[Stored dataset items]
- - - -

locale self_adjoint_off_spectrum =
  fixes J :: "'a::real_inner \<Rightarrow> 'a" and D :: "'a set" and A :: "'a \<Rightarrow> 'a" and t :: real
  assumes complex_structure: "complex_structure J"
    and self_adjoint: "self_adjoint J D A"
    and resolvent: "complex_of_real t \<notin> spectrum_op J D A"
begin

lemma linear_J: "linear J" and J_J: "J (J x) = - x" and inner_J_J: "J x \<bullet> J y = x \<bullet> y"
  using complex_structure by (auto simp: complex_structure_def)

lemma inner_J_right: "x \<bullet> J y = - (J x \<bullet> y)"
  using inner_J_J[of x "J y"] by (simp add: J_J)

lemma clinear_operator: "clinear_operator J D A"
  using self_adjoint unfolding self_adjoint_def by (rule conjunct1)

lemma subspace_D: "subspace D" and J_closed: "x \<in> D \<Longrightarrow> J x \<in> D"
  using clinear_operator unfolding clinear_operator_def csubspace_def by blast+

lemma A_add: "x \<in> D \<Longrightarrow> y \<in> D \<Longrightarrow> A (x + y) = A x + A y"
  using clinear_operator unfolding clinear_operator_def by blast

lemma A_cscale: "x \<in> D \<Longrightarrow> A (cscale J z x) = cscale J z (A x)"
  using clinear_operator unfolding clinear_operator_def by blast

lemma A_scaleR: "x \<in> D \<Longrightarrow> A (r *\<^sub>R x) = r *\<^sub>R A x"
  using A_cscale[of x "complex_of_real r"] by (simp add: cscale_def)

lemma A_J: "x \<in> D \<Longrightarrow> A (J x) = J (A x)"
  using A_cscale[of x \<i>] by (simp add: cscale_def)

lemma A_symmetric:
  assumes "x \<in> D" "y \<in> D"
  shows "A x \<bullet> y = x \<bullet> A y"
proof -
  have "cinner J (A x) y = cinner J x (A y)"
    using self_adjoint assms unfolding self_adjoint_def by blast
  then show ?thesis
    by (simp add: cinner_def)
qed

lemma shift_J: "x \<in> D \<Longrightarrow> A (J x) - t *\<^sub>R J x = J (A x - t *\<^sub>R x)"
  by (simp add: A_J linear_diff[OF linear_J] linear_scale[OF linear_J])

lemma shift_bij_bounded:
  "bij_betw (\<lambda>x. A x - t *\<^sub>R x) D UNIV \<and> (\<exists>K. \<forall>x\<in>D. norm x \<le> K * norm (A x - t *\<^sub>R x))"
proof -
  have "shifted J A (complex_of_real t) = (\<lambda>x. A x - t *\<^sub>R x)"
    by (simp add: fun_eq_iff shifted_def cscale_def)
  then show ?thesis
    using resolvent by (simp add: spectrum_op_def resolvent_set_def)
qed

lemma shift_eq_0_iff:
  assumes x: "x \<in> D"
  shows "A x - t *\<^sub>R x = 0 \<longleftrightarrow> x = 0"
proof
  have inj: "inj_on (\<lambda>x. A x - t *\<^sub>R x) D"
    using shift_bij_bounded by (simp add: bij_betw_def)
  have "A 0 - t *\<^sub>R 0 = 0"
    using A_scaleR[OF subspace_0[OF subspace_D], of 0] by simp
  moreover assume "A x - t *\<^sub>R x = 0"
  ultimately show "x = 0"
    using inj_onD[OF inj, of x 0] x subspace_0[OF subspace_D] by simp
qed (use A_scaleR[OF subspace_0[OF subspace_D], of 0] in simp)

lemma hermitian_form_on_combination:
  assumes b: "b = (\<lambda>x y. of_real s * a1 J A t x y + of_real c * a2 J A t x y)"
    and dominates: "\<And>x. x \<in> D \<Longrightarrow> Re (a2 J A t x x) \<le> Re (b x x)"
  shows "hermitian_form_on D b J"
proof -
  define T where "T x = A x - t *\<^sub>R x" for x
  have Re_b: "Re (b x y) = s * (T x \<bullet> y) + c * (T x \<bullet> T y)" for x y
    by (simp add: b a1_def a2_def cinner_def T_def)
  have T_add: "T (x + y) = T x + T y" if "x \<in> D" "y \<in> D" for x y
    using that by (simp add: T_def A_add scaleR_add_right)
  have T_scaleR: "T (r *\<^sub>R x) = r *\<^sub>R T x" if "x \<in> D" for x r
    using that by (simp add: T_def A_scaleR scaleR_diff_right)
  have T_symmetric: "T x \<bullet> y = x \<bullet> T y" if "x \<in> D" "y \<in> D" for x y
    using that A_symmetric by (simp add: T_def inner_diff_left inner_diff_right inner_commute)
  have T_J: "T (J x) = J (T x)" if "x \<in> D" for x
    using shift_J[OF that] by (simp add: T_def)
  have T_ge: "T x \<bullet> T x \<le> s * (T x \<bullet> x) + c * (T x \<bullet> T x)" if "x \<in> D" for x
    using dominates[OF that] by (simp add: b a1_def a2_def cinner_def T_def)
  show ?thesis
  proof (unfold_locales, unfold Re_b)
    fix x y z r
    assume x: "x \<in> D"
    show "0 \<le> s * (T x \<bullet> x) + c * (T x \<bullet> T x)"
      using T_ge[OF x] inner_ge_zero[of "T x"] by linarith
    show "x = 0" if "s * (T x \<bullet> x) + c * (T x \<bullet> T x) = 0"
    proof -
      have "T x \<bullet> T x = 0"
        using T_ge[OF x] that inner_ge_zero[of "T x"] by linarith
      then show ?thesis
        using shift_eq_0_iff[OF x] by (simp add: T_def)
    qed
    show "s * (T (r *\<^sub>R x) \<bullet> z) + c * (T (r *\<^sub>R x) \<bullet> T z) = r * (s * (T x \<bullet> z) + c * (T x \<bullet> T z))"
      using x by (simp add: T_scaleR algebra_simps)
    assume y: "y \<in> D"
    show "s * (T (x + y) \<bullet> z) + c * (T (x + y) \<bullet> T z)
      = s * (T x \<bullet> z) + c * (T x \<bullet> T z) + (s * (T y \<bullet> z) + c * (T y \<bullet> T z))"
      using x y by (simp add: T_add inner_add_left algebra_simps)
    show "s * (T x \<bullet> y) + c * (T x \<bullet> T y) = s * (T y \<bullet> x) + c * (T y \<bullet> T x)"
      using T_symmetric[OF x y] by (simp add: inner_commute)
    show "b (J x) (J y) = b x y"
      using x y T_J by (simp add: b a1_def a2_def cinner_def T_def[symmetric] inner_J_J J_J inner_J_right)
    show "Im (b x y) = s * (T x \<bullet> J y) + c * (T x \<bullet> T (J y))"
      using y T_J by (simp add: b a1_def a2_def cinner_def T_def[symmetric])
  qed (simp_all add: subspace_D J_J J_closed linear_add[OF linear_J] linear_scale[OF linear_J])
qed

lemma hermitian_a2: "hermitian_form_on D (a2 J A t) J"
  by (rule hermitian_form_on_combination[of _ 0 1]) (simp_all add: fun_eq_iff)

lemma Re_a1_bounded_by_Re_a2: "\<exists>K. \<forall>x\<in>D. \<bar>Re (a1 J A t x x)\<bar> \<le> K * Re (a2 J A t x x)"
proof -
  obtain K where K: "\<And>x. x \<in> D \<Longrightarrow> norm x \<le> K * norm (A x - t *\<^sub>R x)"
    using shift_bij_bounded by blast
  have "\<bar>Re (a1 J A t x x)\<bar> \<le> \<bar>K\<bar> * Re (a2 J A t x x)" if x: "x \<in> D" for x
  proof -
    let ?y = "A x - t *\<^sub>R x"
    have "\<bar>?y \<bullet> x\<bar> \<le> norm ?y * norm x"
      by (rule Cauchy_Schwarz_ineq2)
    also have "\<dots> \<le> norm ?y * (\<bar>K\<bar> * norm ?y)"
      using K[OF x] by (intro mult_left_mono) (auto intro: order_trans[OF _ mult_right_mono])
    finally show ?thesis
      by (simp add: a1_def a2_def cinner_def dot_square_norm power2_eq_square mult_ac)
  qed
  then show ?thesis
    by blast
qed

- - - -

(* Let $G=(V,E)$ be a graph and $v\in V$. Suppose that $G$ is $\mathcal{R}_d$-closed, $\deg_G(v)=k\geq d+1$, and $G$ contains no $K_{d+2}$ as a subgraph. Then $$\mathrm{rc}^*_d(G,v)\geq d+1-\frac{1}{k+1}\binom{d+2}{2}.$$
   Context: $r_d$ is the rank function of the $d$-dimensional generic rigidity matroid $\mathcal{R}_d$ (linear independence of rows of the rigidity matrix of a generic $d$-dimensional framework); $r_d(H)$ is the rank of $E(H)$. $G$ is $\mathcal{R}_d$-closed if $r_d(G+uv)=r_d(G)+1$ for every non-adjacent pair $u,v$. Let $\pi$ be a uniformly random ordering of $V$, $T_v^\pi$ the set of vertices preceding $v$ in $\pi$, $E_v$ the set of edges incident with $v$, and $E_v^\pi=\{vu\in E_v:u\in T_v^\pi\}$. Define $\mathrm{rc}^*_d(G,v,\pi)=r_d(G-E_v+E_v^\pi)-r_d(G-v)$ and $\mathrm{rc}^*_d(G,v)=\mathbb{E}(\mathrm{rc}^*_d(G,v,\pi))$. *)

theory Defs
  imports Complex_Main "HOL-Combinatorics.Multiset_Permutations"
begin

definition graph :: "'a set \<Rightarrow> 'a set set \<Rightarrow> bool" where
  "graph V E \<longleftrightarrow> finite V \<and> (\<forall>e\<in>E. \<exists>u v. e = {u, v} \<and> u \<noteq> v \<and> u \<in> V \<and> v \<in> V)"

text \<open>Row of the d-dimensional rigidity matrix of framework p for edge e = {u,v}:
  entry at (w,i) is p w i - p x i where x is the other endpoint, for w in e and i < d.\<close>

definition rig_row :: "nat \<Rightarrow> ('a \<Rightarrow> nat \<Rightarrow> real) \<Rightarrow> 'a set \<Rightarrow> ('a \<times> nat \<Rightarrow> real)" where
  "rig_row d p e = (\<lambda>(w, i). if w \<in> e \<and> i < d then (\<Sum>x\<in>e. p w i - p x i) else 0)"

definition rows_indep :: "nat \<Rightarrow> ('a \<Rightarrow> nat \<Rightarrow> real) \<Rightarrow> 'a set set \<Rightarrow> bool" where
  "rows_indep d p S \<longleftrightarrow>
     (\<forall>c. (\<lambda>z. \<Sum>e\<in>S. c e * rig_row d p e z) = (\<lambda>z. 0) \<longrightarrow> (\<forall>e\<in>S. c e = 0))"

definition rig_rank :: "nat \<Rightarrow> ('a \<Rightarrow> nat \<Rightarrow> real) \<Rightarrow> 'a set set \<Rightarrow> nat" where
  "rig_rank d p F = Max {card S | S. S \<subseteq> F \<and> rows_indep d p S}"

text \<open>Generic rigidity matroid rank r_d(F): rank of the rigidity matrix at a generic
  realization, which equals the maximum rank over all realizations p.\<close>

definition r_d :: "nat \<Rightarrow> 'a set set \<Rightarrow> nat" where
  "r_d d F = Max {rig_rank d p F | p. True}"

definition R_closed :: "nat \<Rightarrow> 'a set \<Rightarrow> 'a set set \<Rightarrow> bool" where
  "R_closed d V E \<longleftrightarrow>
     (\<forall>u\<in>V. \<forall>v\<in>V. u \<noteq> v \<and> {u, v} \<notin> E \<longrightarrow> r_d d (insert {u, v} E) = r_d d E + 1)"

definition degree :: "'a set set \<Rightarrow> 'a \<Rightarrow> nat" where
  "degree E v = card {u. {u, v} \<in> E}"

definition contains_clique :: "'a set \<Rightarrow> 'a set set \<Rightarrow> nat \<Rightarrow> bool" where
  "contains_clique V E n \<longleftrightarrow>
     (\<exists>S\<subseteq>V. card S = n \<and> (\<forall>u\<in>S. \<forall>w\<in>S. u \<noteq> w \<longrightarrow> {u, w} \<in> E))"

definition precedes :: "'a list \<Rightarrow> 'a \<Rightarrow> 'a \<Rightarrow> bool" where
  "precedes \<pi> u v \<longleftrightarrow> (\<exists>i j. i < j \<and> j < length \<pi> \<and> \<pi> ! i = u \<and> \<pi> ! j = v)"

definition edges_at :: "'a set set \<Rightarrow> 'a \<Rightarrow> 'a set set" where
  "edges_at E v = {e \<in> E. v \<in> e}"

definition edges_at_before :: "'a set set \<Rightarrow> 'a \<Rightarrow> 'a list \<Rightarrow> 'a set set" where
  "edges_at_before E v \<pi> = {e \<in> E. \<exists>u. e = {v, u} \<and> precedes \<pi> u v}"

- - - -

> **Exercise requirements**: Locate the word "exists" in the records above, and return each line that has it.

> **Response area**:
  "bij_betw (\<lambda>x. A x - t *\<^sub>R x) D UNIV \<and> (\<exists>K. \<forall>x\<in>D. norm x \<le> K * norm (A x - t *\<^sub>R x))"
lemma Re_a1_bounded_by_Re_a2: "\<exists>K. \<forall>x\<in>D. \<bar>Re (a1 J A t x x)\<bar> \<le> K * Re (a2 J A t x x)"
  "graph V E \<longleftrightarrow> finite V \<and> (\<forall>e\<in>E. \<exists>u v. e = {u, v} \<and> u \<noteq> v \<and> u \<in> V \<and> v \<in> V)"
     (\<exists>S\<subseteq>V. card S = n \<and> (\<forall>u\<in>S. \<forall>w\<in>S. u \<noteq> w \<longrightarrow> {u, w} \<in> E))"
  "precedes \<pi> u v \<longleftrightarrow> (\<exists>i j. i < j \<and> j < length \<pi> \<and> \<pi> ! i = u \<and> \<pi> ! j = v)"
  "edges_at_before E v \<pi> = {e \<in> E. \<exists>u. e = {v, u} \<and> precedes \<pi> u v}"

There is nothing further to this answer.